No need to understand the details of the following code chunk except that it will give us phenological dates from the satellite observations. It will take some time for the model to run. 

```{r}
library(blsp)

avgfit <- FitAvgModel(
    date_vec = evi2_dt$Date,
    vi_vec = evi2_dt$evi2,
    model = "dblog7"
)
blsp_fit <- FitBLSP(
    date_vec = evi2_dt$Date,
    vi_vec = evi2_dt$evi2,
    model = "dblog7",
    init_values = avgfit,
    start_yr = 1991,
    end_yr = 2023,
    cred_int_level = 0.95,
    opt = list(method = "threshold"),
    verbose = TRUE
)
```

```{r fig.width=10, fig.height=6}
PlotBLSP(blsp_fit)
```

```{r}
phenos <- blsp_fit$phenos
gsl_dt <- phenos[, .(year = as.integer(Year), GSL = Dormancy - Greenup)]
plot(gsl_dt[, .(year, GSL)], type = "b")
```


### Eddy-covariance GPP measurements

Now, we load annual gross primary productivity (GPP) data measured by the EMS flux tower. 

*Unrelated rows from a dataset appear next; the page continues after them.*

(* Let $d\ge 1$ and $M>1$. For the online hitting set problem in which the point set is $\mathbb{Z}^d$ and the objects are (Euclidean) balls in $\mathbb{R}^d$ with radii in the range $[1,M]$, the deterministic online algorithm $\mathrm{ANC}$ described below achieves a competitive ratio of at most $\lfloor 2\sqrt{d}+2\rfloor^d\left(\lfloor\log_2 M\rfloor+1\right)$.
   Context: Online hitting set problem: the point set is known in advance; objects arrive one by one; upon each arrival the algorithm must ensure its current solution (points can only be added, never removed) contains a point of every object presented so far. The competitive ratio is the supremum over input sequences of the size of the algorithm's solution divided by the minimum size of an offline hitting set of the sequence. For an object (compact set with non-empty interior) $\sigma$ with boundary $\partial\sigma$, using $L_\infty$ distances $d_\infty$: $\alpha(x)=\min_{y\in\partial\sigma}d_\infty(x,y)/\max_{y\in\partial\sigma}d_\infty(x,y)$ for $x\in\sigma$; a center of $\sigma$ is a point $c\in\sigma$ maximizing $\alpha(x)$ (for a ball, its geometric center); the width of $\sigma$ is $\min_{y\in\partial\sigma}d_\infty(c,y)$. Algorithm $\mathrm{ANC}$: when an object $\sigma$ with center $c$ and width $w$ arrives, if it contains a point of the current solution do nothing. Otherwise let $i=\lfloor\log_2 w\rfloor$; for each $j\in[d]$ write uniquely $c(x_j)=z_j+f_j$ with $z_j\in 2^{i+1}\mathbb{Z}$ and $f_j\in[0,2^{i+1})$, set $r(x_j)=z_j$ if $f_j\in[0,2^i)$ and $r(x_j)=z_j+2^{i+1}$ if $f_j\in[2^i,2^{i+1})$, and add $r$ to the solution. *)

theory Defs
  imports "HOL-Analysis.Analysis"
begin

text \<open>Points of R^d are modelled as real^'n with d = CARD('n).\<close>

definition linf_dist :: "real^'n \<Rightarrow> real^'n \<Rightarrow> real" where
  "linf_dist x y = Max (range (\<lambda>j. \<bar>x $ j - y $ j\<bar>))"

definition int_lattice :: "(real^'n) set" where
  "int_lattice = {x. \<forall>j. x $ j \<in> \<int>}"

definition width :: "(real^'n) set \<Rightarrow> real^'n \<Rightarrow> real" where
  "width \<sigma> c = Inf (linf_dist c ` frontier \<sigma>)"

definition anc_point :: "real^'n \<Rightarrow> real \<Rightarrow> real^'n" where
  "anc_point c w =
     (let i = \<lfloor>log 2 w\<rfloor>;
          s = (2::real) powr (of_int i + 1);
          h = (2::real) powr (of_int i)
      in \<chi> j. (let z = s * of_int \<lfloor>c $ j / s\<rfloor>; f = c $ j - z
               in if f < h then z else z + s))"

definition anc_step :: "(real^'n) set \<Rightarrow> (real^'n) set \<times> (real^'n) \<Rightarrow> (real^'n) set" where
  "anc_step S oc =
     (let \<sigma> = fst oc; c = snd oc
      in if S \<inter> \<sigma> \<noteq> {} then S else insert (anc_point c (width \<sigma> c)) S)"

definition anc_run :: "((real^'n) set \<times> (real^'n)) list \<Rightarrow> (real^'n) set" where
  "anc_run objs = foldl anc_step {} objs"

end

(*
  Charge every point that ANC adds to a point h of the offline hitting set H lying in the
  ball that triggered it. A ball of radius rho in [1, M] is handled at level
  i = floor (log2 (rho / sqrt d)); its point p lies on the grid of step s = 2^(i+1), within
  s/2 of the center in every coordinate, and the center is at distance less than sqrt d * s
  from h. So p/s is a lattice point whose unit cube meets the Euclidean ball of radius
  sqrt d about h/s, and there are at most floor (2 sqrt d + 2)^d such points per level.

  The levels take at most floor (log2 M) + 2 values. When they take that many, the bottom
  grid step s0 lies in (1/sqrt d, 2/sqrt d) and the top level only sees balls of radius at
  most 1/s0 of its own grid step, so the two extreme levels together still fit into the
  budget of a single level: by an exponential moment (Chernoff) bound on the number of
  lattice cells meeting a ball when d >= 7, and by direct counting for small d. In the
  plane direct counting falls one point short. The missing point comes from the online
  behaviour of ANC: when it adds the point h itself, the triggering ball also contains a
  lattice neighbour of h, which is then never charged to h.
*)

theory Submission
  imports Defs
begin

section \<open>The point ANC adds for a Euclidean ball\<close>

lemma norm_vec_power2: "(norm (x::real^'n))\<^sup>2 = (\<Sum>j\<in>UNIV. (x$j)\<^sup>2)"
  by (simp add: norm_vec_def L2_set_def sum_nonneg)

lemma abs_component_diff_le_linf_dist: "\<bar>x$j - y$j\<bar> \<le> linf_dist x (y::real^'n)"
  unfolding linf_dist_def by (rule Max_ge) auto

lemma sphere_linf_dist_lower_bound:
  fixes c z :: "real^'n"
  assumes "z \<in> sphere c \<rho>"
  shows "\<rho> / sqrt (real CARD('n)) \<le> linf_dist c z"
proof -
  let ?d = "real CARD('n)" and ?m = "linf_dist c z"
  have m_nonneg: "?m \<ge> 0"
    by (meson abs_ge_zero abs_component_diff_le_linf_dist order_trans)
  have "\<rho>\<^sup>2 = (dist c z)\<^sup>2" using assms by simp
  also have "\<dots> = (\<Sum>j\<in>UNIV. (c$j - z$j)\<^sup>2)" by (simp add: dist_norm norm_vec_power2)
  also have "\<dots> \<le> (\<Sum>j\<in>(UNIV::'n set). ?m\<^sup>2)"
  proof (rule sum_mono)
    fix j
    have "\<bar>c$j - z$j\<bar> \<le> \<bar>?m\<bar>" using abs_component_diff_le_linf_dist m_nonneg by simp
    then show "(c$j - z$j)\<^sup>2 \<le> ?m\<^sup>2" by (simp add: abs_le_square_iff)
  qed
  also have "\<dots> = (sqrt ?d * ?m)\<^sup>2" by (simp add: power_mult_distrib)
  finally have "\<rho> \<le> sqrt ?d * ?m"
    using m_nonneg by (meson power2_le_imp_le real_sqrt_ge_zero of_nat_0_le_iff mult_nonneg_nonneg)
  then show ?thesis by (simp add: divide_le_eq mult.commute)
qed

lemma width_cball:
  fixes c :: "real^'n"
  assumes "\<rho> > 0"
  shows "width (cball c \<rho>) c = \<rho> / sqrt (real CARD('n))"
proof -
  let ?w = "\<rho> / sqrt (real CARD('n))"
  define y where "y = c + (\<chi> j. ?w)"
  have "(dist c y)\<^sup>2 = \<rho>\<^sup>2"
    by (simp add: y_def dist_norm norm_vec_power2 power_divide)
  then have y_sphere: "y \<in> sphere c \<rho>"
    using assms by (simp add: power2_eq_iff_nonneg)
  have "linf_dist c y = ?w"
  proof -
    have "range (\<lambda>j. \<bar>c$j - y$j\<bar>) = {?w}" using assms by (auto simp: y_def)
    then show ?thesis unfolding linf_dist_def by simp
  qed
  then have "Inf (linf_dist c ` sphere c \<rho>) = ?w"
    using y_sphere sphere_linf_dist_lower_bound[of _ c \<rho>] by (intro cInf_eq_minimum) force+
  then show ?thesis unfolding width_def using assms by simp
qed

definition grid_step :: "int \<Rightarrow> real" where
  "grid_step i = 2 powr (of_int i + 1)"

lemma grid_step_pos [simp]: "grid_step i > 0"
  unfolding grid_step_def by simp

lemma grid_step_nonneg [simp]: "grid_step i \<ge> 0"
  using grid_step_pos[of i] by linarith

lemma grid_step_nonzero [simp]: "grid_step i \<noteq> 0"
  using grid_step_pos[of i] by linarith

lemma grid_step_add: "grid_step (i + j + 1) = grid_step i * grid_step j"
  unfolding grid_step_def by (simp add: powr_add[symmetric] algebra_simps)

lemma grid_step_floor_log:
  assumes "w > 0"
  shows "grid_step \<lfloor>log 2 w\<rfloor> \<le> 2 * w" "w < grid_step \<lfloor>log 2 w\<rfloor>"
proof -
  have w: "w = 2 powr (log 2 w)" using assms by simp
  have "2 powr (of_int \<lfloor>log 2 w\<rfloor>) \<le> w"
    by (subst (2) w, rule powr_mono) auto
  then show "grid_step \<lfloor>log 2 w\<rfloor> \<le> 2 * w"
    unfolding grid_step_def by (simp add: powr_add)
  show "w < grid_step \<lfloor>log 2 w\<rfloor>"
    unfolding grid_step_def by (subst (1) w, rule powr_less_mono) auto
qed

lemma grid_step_cases:
  obtains "grid_step i \<ge> 2" | "i = -1" "grid_step i = 1" | "i = -2" "grid_step i = 1/2"
    | "grid_step i \<le> 1/4"
proof -
  consider "i \<ge> 0" | "i = -1" | "i = -2" | "i \<le> -3" by linarith
  then show ?thesis
  proof cases
    case 1
    then have "2 powr (1::real) \<le> 2 powr (of_int i + 1)" by (intro powr_mono) auto
    then show ?thesis using that(1) unfolding grid_step_def by simp
  next
    case 4
    then have "2 powr (of_int i + 1) \<le> 2 powr (-2::real)" by (intro powr_mono) auto
    then show ?thesis using that(4) unfolding grid_step_def by (simp add: powr_minus_divide)
  qed (use that in \<open>simp_all add: grid_step_def powr_minus_divide\<close>)
qed

lemma grid_step_eq_one_iff: "grid_step i = 1 \<longleftrightarrow> i = -1"
  unfolding grid_step_def by auto

lemma grid_step_between:
  assumes "1 < r * grid_step i" "r * grid_step i < 2"
  shows "1 \<le> r \<Longrightarrow> r < 2 \<Longrightarrow> grid_step i = 1"
    and "2 \<le> r \<Longrightarrow> r < 4 \<Longrightarrow> grid_step i = 1/2"
proof -
  have big: "r * 2 \<le> r * grid_step i" if "0 \<le> r" "2 \<le> grid_step i"
    using that by (intro mult_left_mono)
  have small: "r * grid_step i \<le> r * (1/4)" if "0 \<le> r" "grid_step i \<le> 1/4"
    using that by (intro mult_left_mono)
  show "grid_step i = 1" if "1 \<le> r" "r < 2"
  proof (cases rule: grid_step_cases[of i])
    case 1 then show ?thesis using big that assms by linarith
  next
    case 3
    then have "r * grid_step i = r / 2" by simp
    then show ?thesis using that assms by linarith
  next
    case 4 then show ?thesis using small that assms by linarith
  qed simp
  show "grid_step i = 1/2" if "2 \<le> r" "r < 4"
  proof (cases rule: grid_step_cases[of i])
    case 1 then show ?thesis using big that assms by linarith
  next
    case 2
    then have "r * grid_step i = r" by simp
    then show ?thesis using that assms by linarith
  next
    case 4 then show ?thesis using small that assms by linarith
  qed simp
qed

lemma anc_point_component:
  fixes c :: "real^'n" and w :: real
  defines "s \<equiv> grid_step \<lfloor>log 2 w\<rfloor>"
  shows "\<exists>n::int. anc_point c w $ j = s * of_int n" "\<bar>c$j - anc_point c w $ j\<bar> \<le> s / 2"
proof -
  define z where "z = s * of_int \<lfloor>c$j / s\<rfloor>"
  have s_pos: "s > 0" unfolding s_def by simp
  have "of_int \<lfloor>c$j / s\<rfloor> \<le> c$j / s" "c$j / s < of_int \<lfloor>c$j / s\<rfloor> + 1" by linarith+
  then have "s * of_int \<lfloor>c$j / s\<rfloor> \<le> c$j" "c$j < s * (of_int \<lfloor>c$j / s\<rfloor> + 1)"
    using s_pos by (simp add: le_divide_eq mult.commute, metis mult.commute pos_divide_less_eq)
  then have f: "0 \<le> c$j - z" "c$j - z < s" unfolding z_def by (simp_all add: algebra_simps)
  have half: "2 powr (of_int \<lfloor>log 2 w\<rfloor>) = s / 2"
    unfolding s_def grid_step_def by (simp add: powr_add)
  have val: "anc_point c w $ j = (if c$j - z < s / 2 then z else z + s)"
    unfolding anc_point_def Let_def z_def half by (simp add: s_def grid_step_def)
  then show "\<bar>c$j - anc_point c w $ j\<bar> \<le> s / 2" using f by auto
  show "\<exists>n::int. anc_point c w $ j = s * of_int n"
  proof (cases "c$j - z < s / 2")
    case True
    then show ?thesis using val unfolding z_def by auto
  next
    case False
    then have "anc_point c w $ j = s * of_int (\<lfloor>c$j / s\<rfloor> + 1)"
      using val unfolding z_def by (simp add: algebra_simps)
    then show ?thesis by blast
  qed
qed

section \<open>Lattice cells near a ball\<close>

text \<open>\<open>cell_dist t n\<close> is the distance from \<open>t\<close> to the interval \<open>[n - 1/2, n + 1/2]\<close>, so
  \<open>m \<in> near_cells \<theta> T\<close> iff the unit cube centered at \<open>m\<close> meets the open ball of radius \<open>T\<close>
  about \<open>\<theta>\<close>.\<close>

definition cell_dist :: "real \<Rightarrow> int \<Rightarrow> real" where
  "cell_dist t n = max (\<bar>of_int n - t\<bar> - 1/2) 0"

```{r fig.width=10, fig.height=8}
gpp_dt <- fread("data/us-ha1_annual_gpp.csv")

par(mfrow = c(2, 1))
plot(gsl_dt[, .(year, GSL)], type = "b")
plot(gpp_dt[, .(year, GPP)], type = "b", 
  ylab = expression(GPP~(umol / m^2 / year))     
)
```


### Linear regression

Now, we will fit a linear regression model to investigate the relationship between annual GPP and growing season length.

```{r}
# Merge the data together
com_dt <- merge(gsl_dt, gpp_dt, by.x = "year", by.y = "year")
head(com_dt)
```
Fitting a linear regression in R is very simple, just use the `lm()` function, and the `summary()` function can give us the statistics of the model fit:

```{r}
mod <- lm(GPP ~ GSL, data = com_dt)
summary(mod)
```
```{r fig.width=5, fig.height=5}
plot(com_dt[, .(GSL, GPP)], pch = 16, bty = "L")
# Draw the linear regression line
abline(mod, col = "blue")
# Plot the R^2 value using the legend function
r_sqr <- round(summary(mod)$r.square, 2)
legend("topleft", bty = "n", legend = bquote(R^2 == .(r_sqr)))

# Also plot the p-value
f <- summary(mod)$fstatistic
p_val <- pf(f[1], f[2], f[3], lower.tail = FALSE)
legend("topleft", bty = "n", 
    legend = paste("p-value: ", formatC(p_val, format = "e", digits = 2)),
    y.intersp = 3 # Note this line!
)
```
Note this is a oversimplified analysis! In the real world, we should look closely to the model fit and the outliers to make sure the mathematical assumptions of linear regression are satisfied.

## 3. Github for open science

Reproducibility is CRITICAL in science (https://www.nature.com/articles/d41586-019-00067-3). Get your code version controlled not only facilitates reproducibility but also helps you understand and reuse your code in the future. 

### Useful resources

- Git: https://www.git-scm.com/
- GitHub: https://github.com/
- Reproducible Research with R and RStudio:  https://englianhu.wordpress.com/wp-content/uploads/2016/01/reproducible-research-with-r-and-studio-2nd-edition.pdf
- 

### Some commands

```
# Init the Git repository
git init

# Add README.md to the Git repository
git add README.md

# Add all files to the respository
git add .

# Commit changes
git commit -a -m "Create README"

# Display status
git status -s

# Check history of commits
git log

# Checkout a branch
git checkout -b newbranch

# Git clone
git clone
```

### Life saving coding tips

- Always put space between operators to increase readability: `a <- 1` not `a<-1`.
- Don't write very wide lines (80-85 characters max per line).
- Name variables with meanings.
- Write clear and concise comments when necessary.
- Create small scripts to organize project structure and use functions to organize script structure.